> _Exercise instructions_:
Look below for lines that hold the string "assms" and copy each one.

> _Dataset content_:
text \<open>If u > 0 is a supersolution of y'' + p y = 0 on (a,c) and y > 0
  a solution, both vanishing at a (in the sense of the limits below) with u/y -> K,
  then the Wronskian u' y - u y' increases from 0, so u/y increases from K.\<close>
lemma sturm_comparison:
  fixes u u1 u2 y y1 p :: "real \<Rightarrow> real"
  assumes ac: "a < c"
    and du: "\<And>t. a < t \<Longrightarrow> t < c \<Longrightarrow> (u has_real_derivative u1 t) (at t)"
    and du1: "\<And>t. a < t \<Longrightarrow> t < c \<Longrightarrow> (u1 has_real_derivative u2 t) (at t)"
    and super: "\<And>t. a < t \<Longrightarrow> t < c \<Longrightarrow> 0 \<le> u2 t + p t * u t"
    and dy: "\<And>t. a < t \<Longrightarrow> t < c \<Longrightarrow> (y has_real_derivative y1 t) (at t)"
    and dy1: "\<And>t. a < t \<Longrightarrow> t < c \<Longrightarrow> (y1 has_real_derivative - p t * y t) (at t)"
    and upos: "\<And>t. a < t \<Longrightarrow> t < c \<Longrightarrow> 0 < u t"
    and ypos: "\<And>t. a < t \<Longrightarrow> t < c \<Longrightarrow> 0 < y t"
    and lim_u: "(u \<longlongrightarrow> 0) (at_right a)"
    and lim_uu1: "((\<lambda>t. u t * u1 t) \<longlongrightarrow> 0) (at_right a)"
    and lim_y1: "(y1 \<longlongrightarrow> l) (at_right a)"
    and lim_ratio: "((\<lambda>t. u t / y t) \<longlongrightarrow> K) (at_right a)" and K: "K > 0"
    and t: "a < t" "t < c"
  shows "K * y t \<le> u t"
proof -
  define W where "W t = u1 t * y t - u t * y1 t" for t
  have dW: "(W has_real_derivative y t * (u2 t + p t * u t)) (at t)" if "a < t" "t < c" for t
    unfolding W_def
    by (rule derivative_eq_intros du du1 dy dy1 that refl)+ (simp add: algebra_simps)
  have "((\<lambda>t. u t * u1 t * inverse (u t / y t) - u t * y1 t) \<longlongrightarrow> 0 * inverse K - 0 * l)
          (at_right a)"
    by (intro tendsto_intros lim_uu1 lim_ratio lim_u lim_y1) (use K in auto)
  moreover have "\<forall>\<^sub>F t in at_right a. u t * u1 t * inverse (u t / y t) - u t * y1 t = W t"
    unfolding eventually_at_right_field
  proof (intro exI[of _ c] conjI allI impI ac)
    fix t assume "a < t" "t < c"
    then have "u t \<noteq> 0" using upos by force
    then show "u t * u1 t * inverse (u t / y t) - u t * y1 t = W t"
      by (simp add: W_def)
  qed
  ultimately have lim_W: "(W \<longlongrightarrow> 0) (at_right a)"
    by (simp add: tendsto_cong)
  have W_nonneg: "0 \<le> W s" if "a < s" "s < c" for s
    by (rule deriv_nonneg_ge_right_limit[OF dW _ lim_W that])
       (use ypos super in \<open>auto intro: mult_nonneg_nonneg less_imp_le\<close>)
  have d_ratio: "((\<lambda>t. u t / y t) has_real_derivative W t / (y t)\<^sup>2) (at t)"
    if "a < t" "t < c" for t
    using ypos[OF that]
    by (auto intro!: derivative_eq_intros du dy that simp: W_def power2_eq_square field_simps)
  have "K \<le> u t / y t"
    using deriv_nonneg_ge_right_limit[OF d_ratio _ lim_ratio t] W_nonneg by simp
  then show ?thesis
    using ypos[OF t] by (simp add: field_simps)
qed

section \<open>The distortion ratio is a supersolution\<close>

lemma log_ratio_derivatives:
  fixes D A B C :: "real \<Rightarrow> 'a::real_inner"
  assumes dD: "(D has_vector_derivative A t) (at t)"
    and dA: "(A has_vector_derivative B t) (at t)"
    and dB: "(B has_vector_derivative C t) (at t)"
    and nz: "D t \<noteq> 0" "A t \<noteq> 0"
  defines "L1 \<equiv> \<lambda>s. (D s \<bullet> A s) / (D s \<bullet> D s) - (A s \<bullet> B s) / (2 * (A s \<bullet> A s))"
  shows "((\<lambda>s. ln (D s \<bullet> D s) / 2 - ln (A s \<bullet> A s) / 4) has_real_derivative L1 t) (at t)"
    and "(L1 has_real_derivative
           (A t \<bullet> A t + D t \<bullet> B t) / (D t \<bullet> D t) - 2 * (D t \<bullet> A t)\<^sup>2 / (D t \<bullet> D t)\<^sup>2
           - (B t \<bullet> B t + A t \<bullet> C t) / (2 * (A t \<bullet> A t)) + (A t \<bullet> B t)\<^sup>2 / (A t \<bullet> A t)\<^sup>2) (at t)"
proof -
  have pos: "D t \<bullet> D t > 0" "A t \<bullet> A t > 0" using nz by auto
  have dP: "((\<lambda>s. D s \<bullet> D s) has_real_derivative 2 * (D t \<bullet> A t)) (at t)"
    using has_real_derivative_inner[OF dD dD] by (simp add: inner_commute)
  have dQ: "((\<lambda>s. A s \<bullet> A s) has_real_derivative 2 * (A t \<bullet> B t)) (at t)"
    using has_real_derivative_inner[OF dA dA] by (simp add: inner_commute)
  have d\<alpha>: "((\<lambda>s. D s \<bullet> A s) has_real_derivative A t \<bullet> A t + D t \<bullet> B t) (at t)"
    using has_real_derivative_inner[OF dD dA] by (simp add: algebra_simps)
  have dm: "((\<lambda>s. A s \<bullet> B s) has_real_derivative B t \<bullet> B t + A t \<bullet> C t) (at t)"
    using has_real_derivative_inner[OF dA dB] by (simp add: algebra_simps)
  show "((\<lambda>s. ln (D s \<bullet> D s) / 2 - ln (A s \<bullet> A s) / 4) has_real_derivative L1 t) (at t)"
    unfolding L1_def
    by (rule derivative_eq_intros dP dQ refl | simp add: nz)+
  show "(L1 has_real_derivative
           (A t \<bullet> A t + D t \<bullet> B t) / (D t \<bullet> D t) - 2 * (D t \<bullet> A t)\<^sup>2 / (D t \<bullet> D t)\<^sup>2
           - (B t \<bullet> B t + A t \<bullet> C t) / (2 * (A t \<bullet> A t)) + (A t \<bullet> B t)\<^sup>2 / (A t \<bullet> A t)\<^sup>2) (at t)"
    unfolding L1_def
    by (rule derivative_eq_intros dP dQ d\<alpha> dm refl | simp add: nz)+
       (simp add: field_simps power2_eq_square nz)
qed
...
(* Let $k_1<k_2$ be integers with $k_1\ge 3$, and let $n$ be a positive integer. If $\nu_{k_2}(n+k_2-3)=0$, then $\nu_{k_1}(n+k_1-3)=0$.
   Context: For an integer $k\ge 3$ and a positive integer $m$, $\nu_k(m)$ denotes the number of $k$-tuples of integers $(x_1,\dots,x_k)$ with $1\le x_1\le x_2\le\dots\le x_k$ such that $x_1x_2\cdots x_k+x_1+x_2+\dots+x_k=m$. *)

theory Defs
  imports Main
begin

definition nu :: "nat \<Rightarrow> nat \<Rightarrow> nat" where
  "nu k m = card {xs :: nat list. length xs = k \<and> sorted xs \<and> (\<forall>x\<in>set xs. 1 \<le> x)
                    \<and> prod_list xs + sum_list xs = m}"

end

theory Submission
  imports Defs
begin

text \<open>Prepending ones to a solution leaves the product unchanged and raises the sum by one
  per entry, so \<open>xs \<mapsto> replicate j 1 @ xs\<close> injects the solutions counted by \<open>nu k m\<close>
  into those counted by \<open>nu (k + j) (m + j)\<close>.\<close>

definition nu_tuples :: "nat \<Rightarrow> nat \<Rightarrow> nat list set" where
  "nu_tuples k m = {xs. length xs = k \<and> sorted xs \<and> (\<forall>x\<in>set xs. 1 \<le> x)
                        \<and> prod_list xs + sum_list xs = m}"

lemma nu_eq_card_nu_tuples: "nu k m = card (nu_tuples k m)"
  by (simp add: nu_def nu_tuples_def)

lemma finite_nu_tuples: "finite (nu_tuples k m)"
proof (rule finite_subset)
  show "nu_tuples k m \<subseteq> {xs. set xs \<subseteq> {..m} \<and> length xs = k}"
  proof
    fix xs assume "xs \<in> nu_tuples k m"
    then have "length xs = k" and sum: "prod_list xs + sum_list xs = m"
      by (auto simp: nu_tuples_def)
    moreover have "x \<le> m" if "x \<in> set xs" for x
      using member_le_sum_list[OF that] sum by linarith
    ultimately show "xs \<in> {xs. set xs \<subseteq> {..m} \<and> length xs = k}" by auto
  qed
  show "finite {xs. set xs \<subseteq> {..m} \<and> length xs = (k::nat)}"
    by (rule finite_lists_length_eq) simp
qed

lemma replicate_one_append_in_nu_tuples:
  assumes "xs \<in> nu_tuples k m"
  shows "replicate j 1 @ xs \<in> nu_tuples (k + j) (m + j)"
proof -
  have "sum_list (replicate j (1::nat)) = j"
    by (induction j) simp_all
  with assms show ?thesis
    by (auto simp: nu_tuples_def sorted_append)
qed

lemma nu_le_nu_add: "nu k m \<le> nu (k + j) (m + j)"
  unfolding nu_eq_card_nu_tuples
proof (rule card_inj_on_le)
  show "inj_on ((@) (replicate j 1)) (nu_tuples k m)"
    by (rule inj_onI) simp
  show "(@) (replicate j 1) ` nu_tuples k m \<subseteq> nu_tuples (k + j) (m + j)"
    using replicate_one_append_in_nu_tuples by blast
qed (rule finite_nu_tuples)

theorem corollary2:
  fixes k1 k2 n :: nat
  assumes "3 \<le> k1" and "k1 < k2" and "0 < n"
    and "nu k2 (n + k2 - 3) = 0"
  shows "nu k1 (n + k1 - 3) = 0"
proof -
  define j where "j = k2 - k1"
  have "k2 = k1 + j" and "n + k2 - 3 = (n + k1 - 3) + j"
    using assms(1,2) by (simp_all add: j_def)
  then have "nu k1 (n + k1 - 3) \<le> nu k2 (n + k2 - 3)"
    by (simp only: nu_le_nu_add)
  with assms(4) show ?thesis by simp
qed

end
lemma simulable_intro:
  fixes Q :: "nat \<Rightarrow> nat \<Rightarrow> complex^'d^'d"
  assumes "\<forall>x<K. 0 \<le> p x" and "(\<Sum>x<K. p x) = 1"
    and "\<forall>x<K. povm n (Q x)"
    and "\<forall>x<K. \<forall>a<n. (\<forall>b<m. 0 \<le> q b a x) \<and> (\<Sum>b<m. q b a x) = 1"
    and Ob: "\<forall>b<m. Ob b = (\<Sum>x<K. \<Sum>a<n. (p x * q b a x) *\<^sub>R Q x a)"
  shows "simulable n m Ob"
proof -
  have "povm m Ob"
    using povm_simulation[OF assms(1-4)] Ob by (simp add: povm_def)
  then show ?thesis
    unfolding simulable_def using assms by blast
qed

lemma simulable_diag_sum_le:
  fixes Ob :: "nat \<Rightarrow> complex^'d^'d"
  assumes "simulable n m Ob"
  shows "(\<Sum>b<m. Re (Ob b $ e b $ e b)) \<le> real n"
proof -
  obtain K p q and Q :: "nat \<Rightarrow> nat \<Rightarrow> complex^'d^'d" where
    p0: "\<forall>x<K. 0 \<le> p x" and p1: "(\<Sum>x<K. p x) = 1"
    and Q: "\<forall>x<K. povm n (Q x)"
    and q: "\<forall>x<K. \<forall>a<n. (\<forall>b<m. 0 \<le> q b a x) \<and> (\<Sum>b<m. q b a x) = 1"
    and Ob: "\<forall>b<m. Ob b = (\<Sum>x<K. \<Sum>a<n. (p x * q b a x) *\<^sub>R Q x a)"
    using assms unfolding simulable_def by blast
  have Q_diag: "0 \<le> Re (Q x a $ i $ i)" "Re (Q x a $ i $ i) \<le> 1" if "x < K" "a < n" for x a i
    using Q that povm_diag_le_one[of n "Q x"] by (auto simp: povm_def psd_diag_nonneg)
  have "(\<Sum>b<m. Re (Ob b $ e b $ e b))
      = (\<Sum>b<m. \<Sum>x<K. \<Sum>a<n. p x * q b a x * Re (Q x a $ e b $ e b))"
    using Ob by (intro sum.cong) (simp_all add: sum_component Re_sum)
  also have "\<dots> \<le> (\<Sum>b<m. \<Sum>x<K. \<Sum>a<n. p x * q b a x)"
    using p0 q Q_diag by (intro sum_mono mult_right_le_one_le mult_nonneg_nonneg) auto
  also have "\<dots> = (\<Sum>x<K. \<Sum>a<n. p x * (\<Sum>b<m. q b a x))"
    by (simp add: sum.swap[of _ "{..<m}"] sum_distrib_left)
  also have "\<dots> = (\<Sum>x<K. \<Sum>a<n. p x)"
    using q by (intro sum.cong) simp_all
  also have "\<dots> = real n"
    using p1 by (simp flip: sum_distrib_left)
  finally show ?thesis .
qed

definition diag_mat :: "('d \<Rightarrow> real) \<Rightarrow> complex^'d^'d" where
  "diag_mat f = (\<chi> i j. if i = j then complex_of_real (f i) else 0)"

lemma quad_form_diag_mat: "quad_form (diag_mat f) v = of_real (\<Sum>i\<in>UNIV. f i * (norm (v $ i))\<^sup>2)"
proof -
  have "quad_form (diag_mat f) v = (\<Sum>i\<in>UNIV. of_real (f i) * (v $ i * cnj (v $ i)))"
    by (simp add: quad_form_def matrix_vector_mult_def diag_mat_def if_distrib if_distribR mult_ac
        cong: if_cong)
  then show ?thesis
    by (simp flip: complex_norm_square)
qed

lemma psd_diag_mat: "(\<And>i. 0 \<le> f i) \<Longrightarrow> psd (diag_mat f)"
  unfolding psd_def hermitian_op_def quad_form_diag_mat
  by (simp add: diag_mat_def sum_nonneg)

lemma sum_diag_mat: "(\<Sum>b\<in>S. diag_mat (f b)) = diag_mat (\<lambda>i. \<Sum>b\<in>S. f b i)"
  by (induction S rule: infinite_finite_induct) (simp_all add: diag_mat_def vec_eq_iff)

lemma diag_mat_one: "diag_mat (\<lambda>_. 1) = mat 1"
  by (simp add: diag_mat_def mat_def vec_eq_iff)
...
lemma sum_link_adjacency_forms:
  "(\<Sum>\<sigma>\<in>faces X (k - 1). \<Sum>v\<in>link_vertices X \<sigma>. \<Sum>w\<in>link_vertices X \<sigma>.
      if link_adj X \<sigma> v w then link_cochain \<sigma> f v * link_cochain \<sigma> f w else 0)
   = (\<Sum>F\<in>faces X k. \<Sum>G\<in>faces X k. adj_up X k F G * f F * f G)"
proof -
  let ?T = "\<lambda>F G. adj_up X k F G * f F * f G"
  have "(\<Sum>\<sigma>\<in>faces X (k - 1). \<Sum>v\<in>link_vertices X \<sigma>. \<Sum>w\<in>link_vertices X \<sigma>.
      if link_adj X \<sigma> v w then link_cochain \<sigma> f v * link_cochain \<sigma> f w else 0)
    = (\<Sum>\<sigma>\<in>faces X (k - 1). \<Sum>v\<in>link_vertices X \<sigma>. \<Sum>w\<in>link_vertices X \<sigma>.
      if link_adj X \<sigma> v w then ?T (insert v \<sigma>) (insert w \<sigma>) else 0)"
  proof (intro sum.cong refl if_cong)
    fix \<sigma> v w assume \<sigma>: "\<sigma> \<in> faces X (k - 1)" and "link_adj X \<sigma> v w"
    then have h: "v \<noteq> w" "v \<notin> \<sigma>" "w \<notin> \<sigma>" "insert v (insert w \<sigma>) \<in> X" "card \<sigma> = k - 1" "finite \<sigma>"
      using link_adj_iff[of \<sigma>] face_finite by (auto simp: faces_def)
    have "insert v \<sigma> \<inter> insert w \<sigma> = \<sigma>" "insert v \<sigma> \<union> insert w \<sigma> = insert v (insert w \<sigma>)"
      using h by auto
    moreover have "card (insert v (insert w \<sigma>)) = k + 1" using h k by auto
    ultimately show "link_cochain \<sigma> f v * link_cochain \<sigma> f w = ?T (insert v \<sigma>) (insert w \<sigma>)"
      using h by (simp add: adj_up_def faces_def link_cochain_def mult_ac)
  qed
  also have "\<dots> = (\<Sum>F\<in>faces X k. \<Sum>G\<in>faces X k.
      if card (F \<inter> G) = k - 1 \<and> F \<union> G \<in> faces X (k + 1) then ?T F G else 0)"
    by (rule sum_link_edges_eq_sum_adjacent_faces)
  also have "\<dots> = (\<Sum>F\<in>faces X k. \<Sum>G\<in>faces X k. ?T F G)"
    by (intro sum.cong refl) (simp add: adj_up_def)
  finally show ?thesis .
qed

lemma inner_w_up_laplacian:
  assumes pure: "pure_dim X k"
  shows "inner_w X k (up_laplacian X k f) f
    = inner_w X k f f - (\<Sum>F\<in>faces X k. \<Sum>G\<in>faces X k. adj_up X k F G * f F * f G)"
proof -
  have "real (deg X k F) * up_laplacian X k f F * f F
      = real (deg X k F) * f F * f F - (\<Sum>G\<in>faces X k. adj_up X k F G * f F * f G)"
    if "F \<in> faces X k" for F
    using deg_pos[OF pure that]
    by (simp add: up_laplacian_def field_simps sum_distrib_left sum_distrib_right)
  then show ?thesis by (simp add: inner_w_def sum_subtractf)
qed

> _Answer for the task_:
  with assms show ?thesis
    using assms(1,2) by (simp_all add: j_def)
  with assms(4) show ?thesis by simp
    using povm_simulation[OF assms(1-4)] Ob by (simp add: povm_def)
    unfolding simulable_def using assms by blast
    using assms unfolding simulable_def by blast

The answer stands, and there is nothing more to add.